ESLC sends seven teams to Sunday tournament at DE Turf
October 30, 2018

Shelter in place - I show up super early for sports assignments, then I just hang out in my 4Runner rather than lollygagging at home, just so I can arrive on time. At twilight hour Oct. 26, I drank hot coffee from a YETI cup, just chillin’ like Bob Dylan, when I saw just too many people coagulating and congregating on the Cape track. I heard the amped voice of Andy Lewis say, “Autism Awareness Week one lap walk,” so I quickly grabbed my wide-angle lens to capture the finish. Cheerleaders from Sussex Central and some parents meshed with the walkers. The Cape hockey team walked with arms locked along with several teachers and administrators. The Cape football players came over to lane one to cheer on the finish. Tyler Legates, a wrestler, and Christian Partlow, a track man, were honorary game captains. My brain was temporarily frozen when I realized that I not only coached Christian’s grandfather, but knew his grandfather’s grandmother Miz Mabel. Tuesday night at Champions Stadium, the honorary captains were freshmen. I told them my name and said, "Never forget it," then I forgot their names. Later I relearned them as Rihanna Powell and Skye Best. Rihanna looked at my misshapen skullcap too small from my dome and said, "Fredman, your hat is just all wrong,” and so I straightened it and asked, "Is that better?" Rihanna shrugged and said, "Not really."

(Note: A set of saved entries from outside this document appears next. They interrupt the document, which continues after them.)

definition traceq :: "complex set \<Rightarrow> complex set \<Rightarrow> nat \<Rightarrow> complex set \<Rightarrow> complex set" where
  "traceq K L q X =
     red (ring_of_integers K) q (\<Sum>\<sigma>\<in>Gal K L. \<sigma> (SOME x. x \<in> X))"

definition A_dist :: "'a ring \<Rightarrow> 'a set \<Rightarrow> 'a \<Rightarrow> 'a \<Rightarrow> 'a pmf \<Rightarrow> ('a \<times> 'a) pmf" where
  "A_dist Rq Sq a0 s chi =
     bind_pmf (pmf_of_set ((\<lambda>c. a0 \<otimes>\<^bsub>Rq\<^esub> c) ` Sq)) (\<lambda>a.
     bind_pmf chi (\<lambda>e. return_pmf (a, (a \<otimes>\<^bsub>Rq\<^esub> s) \<oplus>\<^bsub>Rq\<^esub> e)))"

definition RLWE_dist :: "'a ring \<Rightarrow> 'a set \<Rightarrow> 'a \<Rightarrow> 'a pmf \<Rightarrow> ('a \<times> 'a) pmf" where
  "RLWE_dist Rq Sq s psi =
     bind_pmf (pmf_of_set Sq) (\<lambda>a.
     bind_pmf psi (\<lambda>e. return_pmf (a, (a \<otimes>\<^bsub>Rq\<^esub> s) \<oplus>\<^bsub>Rq\<^esub> e)))"

end

theory Submission
  imports Defs "Jordan_Normal_Form.Char_Poly"
begin

text \<open>
  Galois automorphisms fix \<open>S\<close> and permute themselves under composition, so the trace \<open>T\<close>
  is additive, \<open>S\<^sub>q\<close>-linear and takes values in \<open>S\<^sub>q\<close>. For \<open>a = a\<^sub>0 c\<close> with \<open>c\<close> uniform in \<open>S\<^sub>q\<close>
  this gives \<open>T a = T(a\<^sub>0) c\<close> and \<open>T b = c T(a\<^sub>0 s) + T e = T a \<cdot> s' + T e\<close>. Since \<open>T(a\<^sub>0)\<close> is a
  unit of \<open>S\<^sub>q\<close>, multiplication by it permutes the finite set \<open>S\<^sub>q\<close>, so \<open>T a\<close> is again uniform.
  Most of the work lies in the foundations: algebraic integers form a ring (eigenvalues of
  integer matrices are closed under Kronecker sums and products), and \<open>R/qR\<close> is finite,
  because integer combinations that vanish modulo \<open>q\<close> only with coefficients divisible by \<open>q\<close>
  are \<open>\<rat>\<close>-linearly independent, hence bounded in size by \<open>[K:\<rat>]\<close>, and a maximal such family
  spans \<open>R\<close> modulo \<open>q\<close>.
\<close>

section \<open>Algebraic integers\<close>

lemma algebraic_integer_iff_algebraic_int: "algebraic_integer x \<longleftrightarrow> algebraic_int x"
  unfolding algebraic_integer_def algebraic_int_altdef_ipoly by blast

lemma algebraic_integer_of_int_eigenvector_nat:
  fixes M :: "nat \<Rightarrow> nat \<Rightarrow> int" and v :: "nat \<Rightarrow> complex"
  assumes z: "z < n" "v z \<noteq> 0" and ev: "\<forall>i<n. (\<Sum>j<n. of_int (M i j) * v j) = x * v i"
  shows "algebraic_integer x"
proof -
  define A where "A = mat n n (\<lambda>(i,j). M i j)"
  define w where "w = vec n v"
  have A: "A \<in> carrier_mat n n" unfolding A_def by simp
  have "eigenvector (map_mat of_int A) w x"
    unfolding eigenvector_def
  proof (intro conjI)
    show "w \<in> carrier_vec (dim_row (map_mat of_int A))" using A unfolding w_def by simp
    show "w \<noteq> 0\<^sub>v (dim_row (map_mat of_int A))"
    proof
      assume "w = 0\<^sub>v (dim_row (map_mat of_int A))"
      hence "w $ z = 0" using A z by simp
      thus False using z unfolding w_def by simp
    qed
    show "map_mat of_int A *\<^sub>v w = x \<cdot>\<^sub>v w"
    proof (rule eq_vecI)
      fix i assume "i < dim_vec (x \<cdot>\<^sub>v w)"
      hence i: "i < n" unfolding w_def by simp
      have "(map_mat of_int A *\<^sub>v w) $ i = (\<Sum>j<n. of_int (M i j) * v j)"
        using i A unfolding w_def A_def
        by (simp add: scalar_prod_def lessThan_atLeast0 mult.commute)
      also have "\<dots> = x * v i" using ev i by simp
      finally show "(map_mat of_int A *\<^sub>v w) $ i = (x \<cdot>\<^sub>v w) $ i" using i unfolding w_def by simp
    qed (insert A, simp add: w_def)
  qed
  hence "eigenvalue (map_mat of_int A) x" unfolding eigenvalue_def by blast
  moreover have A': "map_mat of_int A \<in> carrier_mat n n" using A by simp
  ultimately have "poly (char_poly (map_mat of_int A)) x = 0"
    using eigenvalue_root_char_poly[OF A', of x] by blast
  hence "poly (map_poly of_int (char_poly A)) x = 0"
    by (metis of_int_hom.char_poly_hom[OF A])
  moreover have "lead_coeff (char_poly A) = 1" using degree_monic_char_poly[OF A] by simp
  ultimately show ?thesis unfolding algebraic_integer_def by blast
qed

lemma algebraic_integer_of_int_eigenvector:
  fixes I :: "'a set" and M :: "'a \<Rightarrow> 'a \<Rightarrow> int" and v :: "'a \<Rightarrow> complex"
  assumes "finite I" "z \<in> I" "v z \<noteq> 0"
    and ev: "\<forall>i\<in>I. (\<Sum>j\<in>I. of_int (M i j) * v j) = x * v i"
  shows "algebraic_integer x"
proof -
  obtain h where h: "bij_betw h {0..<card I} I" using ex_bij_betw_nat_finite[OF assms(1)] by blast
  have "z \<in> h ` {0..<card I}" using h assms(2) by (simp add: bij_betw_def)
  then obtain k where k: "k < card I" "h k = z" by auto
  show ?thesis
  proof (rule algebraic_integer_of_int_eigenvector_nat
      [where z=k and n="card I" and v="v \<circ> h" and M="\<lambda>i j. M (h i) (h j)"])
    show "k < card I" "(v \<circ> h) k \<noteq> 0" using k assms by auto
    show "\<forall>i<card I. (\<Sum>j<card I. of_int (M (h i) (h j)) * (v \<circ> h) j) = x * (v \<circ> h) i"
    proof (intro allI impI)
      fix i assume i: "i < card I"
      have "(\<Sum>j<card I. of_int (M (h i) (h j)) * (v \<circ> h) j) = (\<Sum>j\<in>I. of_int (M (h i) j) * v j)"
        using sum.reindex_bij_betw[OF h, of "\<lambda>j. of_int (M (h i) j) * v j"]
        by (simp add: lessThan_atLeast0)
      also have "\<dots> = x * v (h i)" using ev h i unfolding bij_betw_def by auto
      finally show "(\<Sum>j<card I. of_int (M (h i) (h j)) * (v \<circ> h) j) = x * (v \<circ> h) i" by simp
    qed
  qed
qed

text \<open>The eigenvector is \<open>(1, x, \<dots>, x\<^sup>d\<^sup>-\<^sup>1)\<close> for the companion matrix of a monic equation of \<open>x\<close>.\<close>

lemma algebraic_integer_imp_int_eigenvector:
  assumes "algebraic_integer x"
  obtains I :: "nat set" and M v z where "finite I" "z \<in> I" "v z \<noteq> (0::complex)"
    "\<forall>i\<in>I. (\<Sum>j\<in>I. of_int (M i j) * v j) = x * v i"
proof -
  obtain p :: "int poly" where p: "lead_coeff p = 1" "poly (map_poly of_int p) x = 0"
    using assms unfolding algebraic_integer_def by blast
  define d where "d = degree p"
  have "poly (map_poly of_int p) x = (\<Sum>j\<le>d. of_int (coeff p j) * x ^ j)"
    unfolding poly_altdef d_def by (simp add: coeff_map_poly degree_map_poly)
  also have "\<dots> = (\<Sum>j<d. of_int (coeff p j) * x ^ j) + x ^ d"
    using p(1) unfolding d_def by (simp add: lessThan_Suc_atMost[symmetric])
  finally have xd: "x ^ d = - (\<Sum>j<d. of_int (coeff p j) * x ^ j)" using p(2)
    by (simp add: eq_neg_iff_add_eq_0 add.commute)
  have d0: "d > 0"
    using xd by (cases d) simp_all
  define M where "M = (\<lambda>i j. if i + 1 < d then (if j = i + 1 then 1 else 0) else - coeff p j)"
  define v where "v = (\<lambda>j::nat. x ^ j)"
  have ev: "\<forall>i\<in>{..<d}. (\<Sum>j\<in>{..<d}. of_int (M i j) * v j) = x * v i"
  proof
    fix i assume i: "i \<in> {..<d}"
    show "(\<Sum>j\<in>{..<d}. of_int (M i j) * v j) = x * v i"
    proof (cases "i + 1 < d")
      case True
      have "(\<Sum>j\<in>{..<d}. of_int (M i j) * v j) = (\<Sum>j\<in>{..<d}. if j = i + 1 then x ^ (i+1) else 0)"
        unfolding M_def v_def using True by (intro sum.cong) auto
      also have "\<dots> = x ^ (i + 1)" using True by (simp add: sum.delta')
      finally show ?thesis unfolding v_def by simp
    next
      case False
      hence "i = d - 1" using i by simp
      hence "x * v i = x ^ d" unfolding v_def using d0 by (metis Suc_diff_1 power_Suc)
      moreover have "(\<Sum>j\<in>{..<d}. of_int (M i j) * v j) = - (\<Sum>j<d. of_int (coeff p j) * x ^ j)"
        unfolding M_def v_def using False by (simp add: sum_negf)
      ultimately show ?thesis using xd by simp
    qed
  qed
  show ?thesis
  proof (rule that[of "{..<d}" 0 v M])
    show "v 0 \<noteq> 0" unfolding v_def by simp
  qed (use d0 ev in auto)
qed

Little Lady Laxers - I’m just a gramps guy walking softly and carrying a big camera. After shooting the Sea Witch 5K on Sunday morning and getting great photos of a werewolf and octopus running down Henlopen Avenue, I was Frederick to Frederica to catch some Eastern Shore Lacrosse Club action at the DE Turf sports complex. For the ESLC, my son Dave is commissioner by default, handed the job by the Zen Master P.J. Kesmodel. I wanted to watch one game in which my granddaughter Lina was playing, then boogie south, telling Lina afterward, “Log in my appearance – date, time and place – for this tournament into your grandparent book because I want credit.” There are seven ESLC teams organized by year of high school graduation, starting with 2020 and going down in age through 2026/27 grads. There are approximately 140 total players from Dover to Stephen Decatur. Cape’s Champions Stadium serves as the home base.

Need not be literate - There are schools noted for broadcast journalism, like Northwestern, Syracuse and Temple, just to name three. But in sports, many high-profile jobs are handed over to those with name recognition who talk loud and fast, and make one grammatical mistake after another, all the while trying to sound like an erudite sports sociologist. I never hear sports fans talk about a broadcast team they like, but often about people in the booth they can’t stand, with Joe Buck and Cris Collinsworth leading the way. Remember the theme from Midnight Cowboy recorded by Harry Nilsson? “Everybody’s talkin’ at me, but I don’t hear a word they’re sayin’; only the echoes of my mind.” Turn the sound down on the TV and just follow the crawl at the bottom of the screen while listening to satellite. “You be pretty much stuck.” (joke - get it?).

Merrill Reese - The radio voice of the Eagles the last 40 years is now 76 years old with jet-black hair. He drives an Eagles green sports car with the vanity tag Merrill. Reese has a bachelor’s degree from Temple in communications and broadcasting. I listened to Eagles radio on my way to DE Turf on Sunday and marvelled at Reese’s brilliance. His voice pierces the airways on a fall morning. The fact that after 40 years he is still enthusiastically all the way is just nuts.

Snippets - I know that the starting 11 on Cape’s field hockey team are all honor roll students from two-parent households. It’s a demographic thing, part of the school profile. Thirty-four percent of school-age kids nationally grow up in single-parent households, and that translates to 24 million students. At DE Turf, I saw lots of grandparents soaking up the sun and beaming with pride, watching their granddaughters run up and down the field. That is demographic data for the taking. Does it make a difference in the future development of the child? Who am I? A sociologist or a sportswriter? Go on now, git!